Fernandes gained acclaim as a stage performer and songwriter, leaving an impact on the Konkani theatrical scene. His artistic prowess extended to composing several songs that were used by his son, Peter de Benaulim. Beyond his musical contributions, Fernandes played a pivotal role in guiding his son through the challenges of stage fright, instilling confidence and dispelling fear. Acting as both mentor and teacher, Fernandes imparted his knowledge exclusively to his son, who made his debut at the age of four when a fellow child artist failed to appear. Known for his exacting standards and demanding nature, Fernandes granted his son the opportunity to debut in Xallibai's Modkeak Lagon (Because of Matka), a play staged in Benaulim. The success of Peter's inaugural performance left both Fernandes and onlookers astonished. Demonstrating his commitment to nurturing talent within his family, Fernandes also introduced his daughter, Comedienne Joana, to the Konkani stage between the ages of five and seven in his one his zomnivhele khell tiatr production. Fernandes was as a member of the khellghodde (khell actors) group, known for their substantial impact on fell and khell tiatrs. He was noted for his regular participation in khells.

==Personal life==
Fernandes was a carpenter by profession, he was known for his craftsmanship in creating elaborate wooden artifacts and footwear. In addition to his professional pursuits, he possessed a passion for a traditional game known as thembiamni, akin to Cup-and-ball, in which he achieved a level of expertise. His gaming skills earned him the moniker "Thembo" or "Tembo," eventually incorporated into his stage name. Fernandes's residence served as a venue for khell practices, during which his children received instruction in the chants and verses associated with the performances. Through these sessions, he actively contributed to the preservation and transmission of cultural heritage to the younger generation.

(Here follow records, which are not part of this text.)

(* Let $B=XCX^T$ where $X$ is a real non-singular $n\times n$ matrix and $C$ is a real symmetric $n\times n$ matrix, and let $\Pi$ be the orthogonal projection onto the column space of $B$. Then \[ B^{+}=\Pi X^{-T}C^{+}X^{-1}\Pi. \]
   Context: $M^{+}$ denotes the Moore–Penrose pseudo-inverse of $M$, and $X^{-T}=(X^{-1})^T$. *)

theory Defs
  imports "HOL-Analysis.Analysis"
begin

definition is_mp_inverse :: "real^'n^'m \<Rightarrow> real^'m^'n \<Rightarrow> bool" where
  "is_mp_inverse M G \<longleftrightarrow>
     M ** G ** M = M \<and> G ** M ** G = G \<and>
     transpose (M ** G) = M ** G \<and> transpose (G ** M) = G ** M"

definition mp_pinv :: "real^'n^'m \<Rightarrow> real^'m^'n" where
  "mp_pinv M = (THE G. is_mp_inverse M G)"

definition col_space :: "real^'n^'m \<Rightarrow> (real^'m) set" where
  "col_space M = range (\<lambda>x. M *v x)"

definition orth_proj_matrix :: "(real^'n) set \<Rightarrow> real^'n^'n" where
  "orth_proj_matrix S = (THE P. \<forall>x. P *v x \<in> S \<and> (\<forall>y\<in>S. (x - P *v x) \<bullet> y = 0))"

end

theory Submission
  imports Defs
begin

text \<open>
  Let \<open>P\<close> project onto the column space of \<open>B\<close>, so that \<open>P B = B = B P\<close>, and put
  \<open>G = P X^-T C^+ X^-1 P\<close>.  Then \<open>B G B = X C C^+ C X^T = B\<close> and \<open>G P = G = P G\<close>.  This
  suffices: a generalized inverse \<open>G\<close> of \<open>M\<close> (\<open>M G M = M\<close>) that is absorbed by the
  projections onto the column spaces of \<open>M\<close> and \<open>M^T\<close> is the Moore-Penrose inverse, because
  \<open>M G\<close> is the identity on the column space of \<open>M\<close> and factors through its projection, hence
  equals it, and dually for \<open>G M\<close>.  As \<open>B\<close> is symmetric, both column spaces are the same.
\<close>

lemma transpose_matrix_vector_mul_inner:
  fixes A :: "real^'n^'m"
  shows "(transpose A *v x) \<bullet> y = x \<bullet> (A *v y)"
  by (metis dot_lmul_matrix transpose_matrix_vector)

lemma invertible_matrix_inv:
  assumes "invertible A"
  shows "A ** matrix_inv A = mat 1" "matrix_inv A ** A = mat 1"
  using assms someI_ex[of "\<lambda>A'. A ** A' = mat 1 \<and> A' ** A = mat 1"]
  unfolding matrix_inv_def invertible_def by auto

lemma subspace_col_space: "subspace (col_space M)"
  unfolding col_space_def by (rule linear_subspace_image) auto

definition is_orth_proj :: "(real^'n) set \<Rightarrow> real^'n^'n \<Rightarrow> bool" where
  "is_orth_proj S P \<longleftrightarrow> (\<forall>x. P *v x \<in> S \<and> (\<forall>y\<in>S. (x - P *v x) \<bullet> y = 0))"

lemma orth_proj_point_unique:
  fixes S :: "(real^'n) set"
  assumes "subspace S" "y1 \<in> S" "y2 \<in> S"
    and "\<forall>w\<in>S. (x - y1) \<bullet> w = 0" "\<forall>w\<in>S. (x - y2) \<bullet> w = 0"
  shows "y1 = y2"
proof -
  have "y1 - y2 \<in> S" using assms by (simp add: subspace_diff)
  moreover have "(y1 - y2) \<bullet> (y1 - y2) = (x - y2) \<bullet> (y1 - y2) - (x - y1) \<bullet> (y1 - y2)"
    by (simp add: inner_diff_left)
  ultimately show ?thesis using assms by simp
qed

lemma orth_proj_point_exists:
  fixes S :: "(real^'n) set"
  assumes "subspace S"
  shows "\<exists>y\<in>S. \<forall>w\<in>S. (x - y) \<bullet> w = 0"
proof -
  obtain y z where "y \<in> span S" "\<And>w. w \<in> span S \<Longrightarrow> orthogonal z w" "x = y + z"
    using orthogonal_subspace_decomp_exists by blast
  then show ?thesis
    using assms by (metis add_diff_cancel_left' orthogonal_def span_eq_iff)
qed

lemma is_orth_proj_exists:
  fixes S :: "(real^'n) set"
  assumes S: "subspace S"
  shows "\<exists>P. is_orth_proj S P"
proof -
  define p where "p x = (SOME y. y \<in> S \<and> (\<forall>w\<in>S. (x - y) \<bullet> w = 0))" for x
  have p: "p x \<in> S" "\<forall>w\<in>S. (x - p x) \<bullet> w = 0" for x
    unfolding p_def using someI_ex[OF orth_proj_point_exists[OF S, of x, unfolded Bex_def]]
    by blast+
  have "linear p"
  proof
    fix a b
    have "(a + b - (p a + p b)) \<bullet> w = (a - p a) \<bullet> w + (b - p b) \<bullet> w" for w
      by (simp add: inner_diff_left inner_add_left)
    then have "\<forall>w\<in>S. (a + b - (p a + p b)) \<bullet> w = 0"
      using p by simp
    then show "p (a + b) = p a + p b"
      using orth_proj_point_unique[OF S] p S by (meson subspace_add)
  next
    fix c :: real and a
    have "\<forall>w\<in>S. (c *\<^sub>R a - c *\<^sub>R p a) \<bullet> w = 0"
      using p by (simp flip: scaleR_diff_right)
    then show "p (c *\<^sub>R a) = c *\<^sub>R p a"
      using orth_proj_point_unique[OF S] p S by (meson subspace_scale)
  qed
  then have "matrix p *v x = p x" for x
    by (simp add: matrix_works linear_matrix_vector_mul_eq)
  then have "is_orth_proj S (matrix p)"
    unfolding is_orth_proj_def using p by simp
  then show ?thesis by blast
qed

lemma is_orth_proj_unique:
  assumes "subspace S" "is_orth_proj S P1" "is_orth_proj S P2"
  shows "P1 = P2"
  unfolding matrix_eq using assms orth_proj_point_unique unfolding is_orth_proj_def by blast

lemma is_orth_proj_orth_proj_matrix:
  assumes S: "subspace S"
  shows "is_orth_proj S (orth_proj_matrix S)"
proof -
  have "\<exists>!P. is_orth_proj S P"
    using is_orth_proj_exists[OF S] is_orth_proj_unique[OF S] by blast
  then show ?thesis
    unfolding orth_proj_matrix_def is_orth_proj_def[symmetric] by (rule theI')
qed

lemma orth_proj_matrix_in:
  "subspace S \<Longrightarrow> orth_proj_matrix S *v x \<in> S"
  using is_orth_proj_orth_proj_matrix unfolding is_orth_proj_def by blast

lemma orth_proj_matrix_orthogonal:
  "subspace S \<Longrightarrow> y \<in> S \<Longrightarrow> (x - orth_proj_matrix S *v x) \<bullet> y = 0"
  using is_orth_proj_orth_proj_matrix unfolding is_orth_proj_def by blast

lemma orth_proj_matrix_fixes:
  "subspace S \<Longrightarrow> x \<in> S \<Longrightarrow> orth_proj_matrix S *v x = x"
  by (rule orth_proj_point_unique[of S _ x x]) (simp_all add: orth_proj_matrix_in orth_proj_matrix_orthogonal)

lemma orth_proj_matrix_idempotent:
  "subspace S \<Longrightarrow> orth_proj_matrix S ** orth_proj_matrix S = orth_proj_matrix S"
  unfolding matrix_eq matrix_vector_mul_assoc[symmetric]
  by (simp add: orth_proj_matrix_fixes orth_proj_matrix_in)

lemma transpose_orth_proj_matrix:
  assumes S: "subspace S"
  shows "transpose (orth_proj_matrix S) = orth_proj_matrix S"
proof -
  let ?P = "orth_proj_matrix S"
  have self_adjoint: "(?P *v x) \<bullet> y = (?P *v x) \<bullet> (?P *v y)" for x y
  proof -
    have "(?P *v x) \<bullet> y = (?P *v x) \<bullet> (?P *v y) + (y - ?P *v y) \<bullet> (?P *v x)"
      by (simp add: inner_diff inner_commute)
    then show ?thesis by (simp add: S orth_proj_matrix_in orth_proj_matrix_orthogonal)
  qed
  have "(transpose ?P *v y) \<bullet> x = (?P *v y) \<bullet> x" for x y
  proof -
    have "(transpose ?P *v y) \<bullet> x = y \<bullet> (?P *v x)" by (rule transpose_matrix_vector_mul_inner)
    also have "\<dots> = (?P *v y) \<bullet> x"
      using self_adjoint[of x y] self_adjoint[of y x] by (simp add: inner_commute)
    finally show ?thesis .
  qed
  then have "(transpose ?P *v y - ?P *v y) \<bullet> (transpose ?P *v y - ?P *v y) = 0" for y
    by (simp only: inner_diff_left)
  then show ?thesis by (simp add: matrix_eq)
qed

lemma orth_proj_matrix_col_space_mult:
  "orth_proj_matrix (col_space M) ** M = M"
  unfolding matrix_eq matrix_vector_mul_assoc[symmetric]
  using orth_proj_matrix_fixes[OF subspace_col_space] unfolding col_space_def by blast

lemma mult_orth_proj_matrix_col_space_transpose:
  "M ** orth_proj_matrix (col_space (transpose M)) = M"
  by (metis orth_proj_matrix_col_space_mult matrix_transpose_mul subspace_col_space
      transpose_orth_proj_matrix transpose_transpose)

lemma is_mp_inverse_unique:
  assumes A: "is_mp_inverse M G1" and B: "is_mp_inverse M G2"
  shows "G1 = G2"
proof -
  have a: "M ** G1 ** M = M" "G1 ** M ** G1 = G1" "transpose (M ** G1) = M ** G1"
      "transpose (G1 ** M) = G1 ** M" using A unfolding is_mp_inverse_def by auto
  have b: "M ** G2 ** M = M" "G2 ** M ** G2 = G2" "transpose (M ** G2) = M ** G2"
      "transpose (G2 ** M) = G2 ** M" using B unfolding is_mp_inverse_def by auto
  have MG: "M ** G1 = M ** G2"
  proof -
    have "M ** G1 = transpose ((M ** G2) ** (M ** G1))" by (metis a(3) b(1) matrix_mul_assoc)
    also have "\<dots> = transpose (M ** G1) ** transpose (M ** G2)" by (rule matrix_transpose_mul)
    also have "\<dots> = M ** G2" by (metis a(1) a(3) b(3) matrix_mul_assoc)
    finally show ?thesis .
  qed
  have GM: "G1 ** M = G2 ** M"
  proof -
    have "G2 ** M = transpose ((G2 ** M) ** (G1 ** M))" by (metis b(4) a(1) matrix_mul_assoc)
    also have "\<dots> = transpose (G1 ** M) ** transpose (G2 ** M)" by (rule matrix_transpose_mul)
    also have "\<dots> = G1 ** M" by (metis a(4) b(1) b(4) matrix_mul_assoc)
    finally show ?thesis by simp
  qed
  have "G1 = G1 ** M ** G1" using a(2) by simp
  also have "\<dots> = G2 ** M ** G2" by (metis GM MG matrix_mul_assoc)
  finally show ?thesis using b(2) by simp
qed

lemma generalized_inverse_mult_eq_orth_proj_matrix:
  assumes "M ** G ** M = M" and "G ** orth_proj_matrix (col_space M) = G"
  shows "M ** G = orth_proj_matrix (col_space M)"
proof -
  let ?P = "orth_proj_matrix (col_space M)"
  have "M ** G *v (?P *v x) = ?P *v x" for x
  proof -
    obtain w where "?P *v x = M *v w"
      using orth_proj_matrix_in[OF subspace_col_space] unfolding col_space_def by blast
    then show ?thesis by (simp add: matrix_vector_mul_assoc assms(1))
  qed
  then have "M ** G ** ?P = ?P"
    unfolding matrix_eq by (simp flip: matrix_vector_mul_assoc)
  then show ?thesis by (metis assms(2) matrix_mul_assoc)
qed

lemma is_mp_inverseI:
  assumes MGM: "M ** G ** M = M"
    and GP: "G ** orth_proj_matrix (col_space M) = G"
    and PG: "orth_proj_matrix (col_space (transpose M)) ** G = G"
  shows "is_mp_inverse M G"
proof -
  have MG: "M ** G = orth_proj_matrix (col_space M)"
    using generalized_inverse_mult_eq_orth_proj_matrix[OF MGM GP] .
  have "transpose M ** transpose G ** transpose M = transpose M"
    by (metis MGM matrix_transpose_mul matrix_mul_assoc)
  moreover have "transpose G ** orth_proj_matrix (col_space (transpose M)) = transpose G"
    by (metis PG matrix_transpose_mul transpose_orth_proj_matrix subspace_col_space)
  ultimately have "transpose M ** transpose G = orth_proj_matrix (col_space (transpose M))"
    by (rule generalized_inverse_mult_eq_orth_proj_matrix)
  then have GM: "G ** M = orth_proj_matrix (col_space (transpose M))"
    by (metis matrix_transpose_mul transpose_orth_proj_matrix subspace_col_space
        transpose_transpose)
  show ?thesis
    unfolding is_mp_inverse_def
    using MGM PG by (simp add: MG GM transpose_orth_proj_matrix subspace_col_space)
qed

lemma inj_on_col_space_transpose:
  fixes M :: "real^'n^'m"
  shows "inj_on ((*v) M) (col_space (transpose M))"
proof (rule inj_onI)
  fix a b assume ab: "a \<in> col_space (transpose M)" "b \<in> col_space (transpose M)" "M *v a = M *v b"
  have "a - b \<in> col_space (transpose M)" by (meson ab(1,2) subspace_col_space subspace_diff)
  then obtain u where u: "a - b = transpose M *v u" unfolding col_space_def by blast
  have "(a - b) \<bullet> (a - b) = u \<bullet> (M *v (a - b))" by (metis u transpose_matrix_vector_mul_inner)
  also have "\<dots> = 0" using ab by (simp add: matrix_vector_mult_diff_distrib)
  finally show "a = b" by simp
qed

lemma is_mp_inverse_exists:
  fixes M :: "real^'n^'m"
  shows "\<exists>G. is_mp_inverse M G"
proof -
  let ?PQ = "orth_proj_matrix (col_space M)"
  let ?PR = "orth_proj_matrix (col_space (transpose M))"
  obtain g where "linear g" and g: "\<forall>v\<in>col_space (transpose M). g (M *v v) = v"
    using linear_exists_left_inverse_on[OF _ subspace_col_space[of "transpose M"]
        inj_on_col_space_transpose]
    by auto
  then have "matrix g *v y = g y" for y
    by (simp add: matrix_works linear_matrix_vector_mul_eq)
  then have LMP: "matrix g ** M ** ?PR = ?PR"
    unfolding matrix_eq
    by (simp add: g orth_proj_matrix_in subspace_col_space flip: matrix_vector_mul_assoc)
  define G where "G = ?PR ** matrix g ** ?PQ"
  have "M ** G ** M = (M ** ?PR) ** matrix g ** (?PQ ** M)"
    unfolding G_def by (simp add: matrix_mul_assoc)
  also have "\<dots> = M ** matrix g ** (M ** ?PR)"
    by (simp add: orth_proj_matrix_col_space_mult mult_orth_proj_matrix_col_space_transpose)
  also have "\<dots> = M ** ?PR"
    by (metis LMP matrix_mul_assoc)
  finally have "M ** G ** M = M"
    by (simp add: mult_orth_proj_matrix_col_space_transpose)
  moreover have "G ** ?PQ = G" "?PR ** G = G"
    unfolding G_def by (metis orth_proj_matrix_idempotent subspace_col_space matrix_mul_assoc)+
  ultimately show ?thesis using is_mp_inverseI by blast
qed

lemma mp_pinv_eqI:
  assumes "is_mp_inverse M G"
  shows "mp_pinv M = G"
  unfolding mp_pinv_def using assms is_mp_inverse_unique by blast

lemma is_mp_inverse_mp_pinv: "is_mp_inverse M (mp_pinv M)"
  using is_mp_inverse_exists mp_pinv_eqI by metis

theorem mainTheorem18:
  fixes X C :: "real^'n^'n"
  assumes "invertible X"
    and "transpose C = C"
  shows "mp_pinv (X ** C ** transpose X) =
           orth_proj_matrix (col_space (X ** C ** transpose X))
           ** transpose (matrix_inv X) ** mp_pinv C ** matrix_inv X
           ** orth_proj_matrix (col_space (X ** C ** transpose X))"
proof -
  define B where "B = X ** C ** transpose X"
  define P where "P = orth_proj_matrix (col_space B)"
  define G where "G = P ** transpose (matrix_inv X) ** mp_pinv C ** matrix_inv X ** P"
  have BT: "transpose B = B"
    unfolding B_def by (simp add: matrix_transpose_mul assms(2) matrix_mul_assoc)
  have PB: "P ** B = B" and BP: "B ** P = B"
    unfolding P_def using orth_proj_matrix_col_space_mult
      mult_orth_proj_matrix_col_space_transpose[of B] BT by simp_all
  have PP: "P ** P = P"
    unfolding P_def by (simp add: orth_proj_matrix_idempotent subspace_col_space)
  have XXi: "transpose X ** transpose (matrix_inv X) = mat 1"
    by (metis invertible_matrix_inv(2)[OF assms(1)] matrix_transpose_mul transpose_mat)
  have BXi: "B ** transpose (matrix_inv X) = X ** C"
    unfolding B_def by (simp add: XXi flip: matrix_mul_assoc)
  have XiB: "matrix_inv X ** B = C ** transpose X"
    unfolding B_def by (simp add: invertible_matrix_inv(2)[OF assms(1)] matrix_mul_assoc)
  have "B ** G ** B = (B ** P) ** transpose (matrix_inv X) ** mp_pinv C ** matrix_inv X ** (P ** B)"
    unfolding G_def by (simp add: matrix_mul_assoc)
  also have "\<dots> = (B ** transpose (matrix_inv X)) ** mp_pinv C ** (matrix_inv X ** B)"
    unfolding BP PB by (simp add: matrix_mul_assoc)
  also have "\<dots> = X ** (C ** mp_pinv C ** C) ** transpose X"
    unfolding BXi XiB by (simp add: matrix_mul_assoc)
  also have "\<dots> = B"
    using is_mp_inverse_mp_pinv[of C] unfolding is_mp_inverse_def B_def by simp
  finally have "B ** G ** B = B" .
  moreover have "G ** P = G"
    unfolding G_def by (simp add: PP flip: matrix_mul_assoc)
  moreover have "P ** G = G"
    unfolding G_def by (simp add: PP matrix_mul_assoc)
  ultimately have "is_mp_inverse B G"
    using is_mp_inverseI[of B G] BT unfolding P_def by simp
  then show ?thesis
    unfolding G_def P_def B_def by (rule mp_pinv_eqI)
qed

end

On 24 July 1961, Fernandes married Severina Piedade Fernandes, a homemaker, in a ceremony held at the Benaulim church. Prior to the church wedding, the couple underwent a civil marriage registration in Margão. Together they had six children: Peter de Benaulim, Maria, Comedienne Joana, Maggie, Lonita, and Convy, all of whom pursued careers as tiatr and khell-tiatr artists. Fernandes and his five daughters performed together in Menino de Bandar's productions, including Laitanam Dhorlo, Uban Dilem, and Eka Disa. This artistic legacy continued through the involvement of his grandchildren, Comedian Bryan and Benzer.

On 1 May 2003, Fernandes died at the age of 70, within the confines of his residence in Mazilvaddo, Benaulim, Goa.

==Legacy==
In June 2023, Fernandes received a tribute from Konkani singer Maythan in an opening song performed by Maythan and composed by Fernandes's son Peter de Benaulim during the tiatr production of Fernandes's grandson, Comedian Bryan's Mhoji Khori Maim (My Real Mother).